The answer must consist of the entries, copied exactly and in full.
>>>
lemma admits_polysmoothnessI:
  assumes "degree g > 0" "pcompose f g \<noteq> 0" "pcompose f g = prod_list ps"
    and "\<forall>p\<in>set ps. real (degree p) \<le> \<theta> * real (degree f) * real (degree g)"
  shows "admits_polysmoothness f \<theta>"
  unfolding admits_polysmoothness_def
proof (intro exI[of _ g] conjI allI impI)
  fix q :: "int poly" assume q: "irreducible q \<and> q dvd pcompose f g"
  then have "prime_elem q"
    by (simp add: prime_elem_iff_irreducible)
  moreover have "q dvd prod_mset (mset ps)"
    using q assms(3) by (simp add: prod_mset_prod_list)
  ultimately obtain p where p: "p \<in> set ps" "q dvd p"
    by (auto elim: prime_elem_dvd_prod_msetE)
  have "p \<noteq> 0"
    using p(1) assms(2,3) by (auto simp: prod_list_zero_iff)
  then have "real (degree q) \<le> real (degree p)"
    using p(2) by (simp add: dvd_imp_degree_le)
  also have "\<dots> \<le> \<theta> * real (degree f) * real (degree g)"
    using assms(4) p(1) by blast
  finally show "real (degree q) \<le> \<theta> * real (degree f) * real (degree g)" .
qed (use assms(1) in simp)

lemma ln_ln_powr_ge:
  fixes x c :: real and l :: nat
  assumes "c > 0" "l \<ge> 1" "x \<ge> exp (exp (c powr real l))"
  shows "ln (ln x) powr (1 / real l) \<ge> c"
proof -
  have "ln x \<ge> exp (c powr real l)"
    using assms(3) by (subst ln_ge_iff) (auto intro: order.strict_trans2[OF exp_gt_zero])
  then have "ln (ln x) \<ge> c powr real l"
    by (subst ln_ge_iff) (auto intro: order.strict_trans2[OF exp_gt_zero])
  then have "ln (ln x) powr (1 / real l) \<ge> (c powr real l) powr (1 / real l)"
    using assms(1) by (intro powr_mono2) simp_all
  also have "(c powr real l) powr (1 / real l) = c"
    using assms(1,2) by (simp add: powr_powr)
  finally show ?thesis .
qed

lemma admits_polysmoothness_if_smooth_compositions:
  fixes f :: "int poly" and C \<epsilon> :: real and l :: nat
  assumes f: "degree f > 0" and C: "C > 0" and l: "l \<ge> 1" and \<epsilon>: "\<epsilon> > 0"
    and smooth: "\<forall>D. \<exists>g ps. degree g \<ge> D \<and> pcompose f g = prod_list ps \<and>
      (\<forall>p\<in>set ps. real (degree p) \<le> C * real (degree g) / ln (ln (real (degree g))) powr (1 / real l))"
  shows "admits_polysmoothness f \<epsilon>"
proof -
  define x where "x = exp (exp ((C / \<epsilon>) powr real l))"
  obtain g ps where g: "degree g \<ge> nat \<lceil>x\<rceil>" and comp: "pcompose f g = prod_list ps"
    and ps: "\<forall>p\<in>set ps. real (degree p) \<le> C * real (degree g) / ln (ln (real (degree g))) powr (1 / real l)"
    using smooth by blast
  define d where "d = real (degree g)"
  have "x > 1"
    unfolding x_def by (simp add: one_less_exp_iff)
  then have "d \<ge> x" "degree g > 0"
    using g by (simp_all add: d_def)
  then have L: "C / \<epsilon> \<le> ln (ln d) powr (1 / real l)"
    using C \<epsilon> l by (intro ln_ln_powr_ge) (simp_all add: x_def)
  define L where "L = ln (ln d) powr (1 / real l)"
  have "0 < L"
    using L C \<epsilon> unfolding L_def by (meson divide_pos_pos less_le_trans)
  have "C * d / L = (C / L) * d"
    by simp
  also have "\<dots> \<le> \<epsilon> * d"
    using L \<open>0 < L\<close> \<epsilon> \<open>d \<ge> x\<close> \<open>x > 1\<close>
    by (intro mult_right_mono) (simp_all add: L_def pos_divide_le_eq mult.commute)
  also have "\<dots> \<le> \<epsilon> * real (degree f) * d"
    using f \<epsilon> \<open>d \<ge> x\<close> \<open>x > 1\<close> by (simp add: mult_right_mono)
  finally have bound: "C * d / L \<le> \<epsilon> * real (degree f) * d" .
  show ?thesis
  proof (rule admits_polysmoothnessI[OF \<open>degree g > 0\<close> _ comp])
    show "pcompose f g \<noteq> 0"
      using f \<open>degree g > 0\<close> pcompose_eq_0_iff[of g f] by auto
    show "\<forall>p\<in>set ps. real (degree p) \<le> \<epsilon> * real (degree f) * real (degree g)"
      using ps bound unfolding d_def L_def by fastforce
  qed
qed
<<<
● WRITTEN SOLUTION
lemma admits_polysmoothnessI:
  assumes "degree g > 0" "pcompose f g \<noteq> 0" "pcompose f g = prod_list ps"
    and "\<forall>p\<in>set ps. real (degree p) \<le> \<theta> * real (degree f) * real (degree g)"
  shows "admits_polysmoothness f \<theta>"
  unfolding admits_polysmoothness_def
proof (intro exI[of _ g] conjI allI impI)
  fix q :: "int poly" assume q: "irreducible q \<and> q dvd pcompose f g"
  then have "prime_elem q"
    by (simp add: prime_elem_iff_irreducible)
  moreover have "q dvd prod_mset (mset ps)"
    using q assms(3) by (simp add: prod_mset_prod_list)
  ultimately obtain p where p: "p \<in> set ps" "q dvd p"
    by (auto elim: prime_elem_dvd_prod_msetE)
  have "p \<noteq> 0"
    using p(1) assms(2,3) by (auto simp: prod_list_zero_iff)
  then have "real (degree q) \<le> real (degree p)"
    using p(2) by (simp add: dvd_imp_degree_le)
  also have "\<dots> \<le> \<theta> * real (degree f) * real (degree g)"
    using assms(4) p(1) by blast
  finally show "real (degree q) \<le> \<theta> * real (degree f) * real (degree g)" .
qed (use assms(1) in simp)

lemma ln_ln_powr_ge:
  fixes x c :: real and l :: nat
  assumes "c > 0" "l \<ge> 1" "x \<ge> exp (exp (c powr real l))"
  shows "ln (ln x) powr (1 / real l) \<ge> c"
proof -
  have "ln x \<ge> exp (c powr real l)"
    using assms(3) by (subst ln_ge_iff) (auto intro: order.strict_trans2[OF exp_gt_zero])
  then have "ln (ln x) \<ge> c powr real l"
    by (subst ln_ge_iff) (auto intro: order.strict_trans2[OF exp_gt_zero])
  then have "ln (ln x) powr (1 / real l) \<ge> (c powr real l) powr (1 / real l)"
    using assms(1) by (intro powr_mono2) simp_all
  also have "(c powr real l) powr (1 / real l) = c"
    using assms(1,2) by (simp add: powr_powr)
  finally show ?thesis .
qed

lemma admits_polysmoothness_if_smooth_compositions:
  fixes f :: "int poly" and C \<epsilon> :: real and l :: nat
  assumes f: "degree f > 0" and C: "C > 0" and l: "l \<ge> 1" and \<epsilon>: "\<epsilon> > 0"
    and smooth: "\<forall>D. \<exists>g ps. degree g \<ge> D \<and> pcompose f g = prod_list ps \<and>
      (\<forall>p\<in>set ps. real (degree p) \<le> C * real (degree g) / ln (ln (real (degree g))) powr (1 / real l))"
  shows "admits_polysmoothness f \<epsilon>"
proof -
  define x where "x = exp (exp ((C / \<epsilon>) powr real l))"
  obtain g ps where g: "degree g \<ge> nat \<lceil>x\<rceil>" and comp: "pcompose f g = prod_list ps"
    and ps: "\<forall>p\<in>set ps. real (degree p) \<le> C * real (degree g) / ln (ln (real (degree g))) powr (1 / real l)"
    using smooth by blast
  define d where "d = real (degree g)"
  have "x > 1"
    unfolding x_def by (simp add: one_less_exp_iff)
  then have "d \<ge> x" "degree g > 0"
    using g by (simp_all add: d_def)
  then have L: "C / \<epsilon> \<le> ln (ln d) powr (1 / real l)"
    using C \<epsilon> l by (intro ln_ln_powr_ge) (simp_all add: x_def)
  define L where "L = ln (ln d) powr (1 / real l)"
  have "0 < L"
    using L C \<epsilon> unfolding L_def by (meson divide_pos_pos less_le_trans)
  have "C * d / L = (C / L) * d"
    by simp
  also have "\<dots> \<le> \<epsilon> * d"
    using L \<open>0 < L\<close> \<epsilon> \<open>d \<ge> x\<close> \<open>x > 1\<close>
    by (intro mult_right_mono) (simp_all add: L_def pos_divide_le_eq mult.commute)
  also have "\<dots> \<le> \<epsilon> * real (degree f) * d"
    using f \<epsilon> \<open>d \<ge> x\<close> \<open>x > 1\<close> by (simp add: mult_right_mono)
  finally have bound: "C * d / L \<le> \<epsilon> * real (degree f) * d" .
  show ?thesis
  proof (rule admits_polysmoothnessI[OF \<open>degree g > 0\<close> _ comp])
    show "pcompose f g \<noteq> 0"
      using f \<open>degree g > 0\<close> pcompose_eq_0_iff[of g f] by auto
    show "\<forall>p\<in>set ps. real (degree p) \<le> \<epsilon> * real (degree f) * real (degree g)"
      using ps bound unfolding d_def L_def by fastforce
  qed
qed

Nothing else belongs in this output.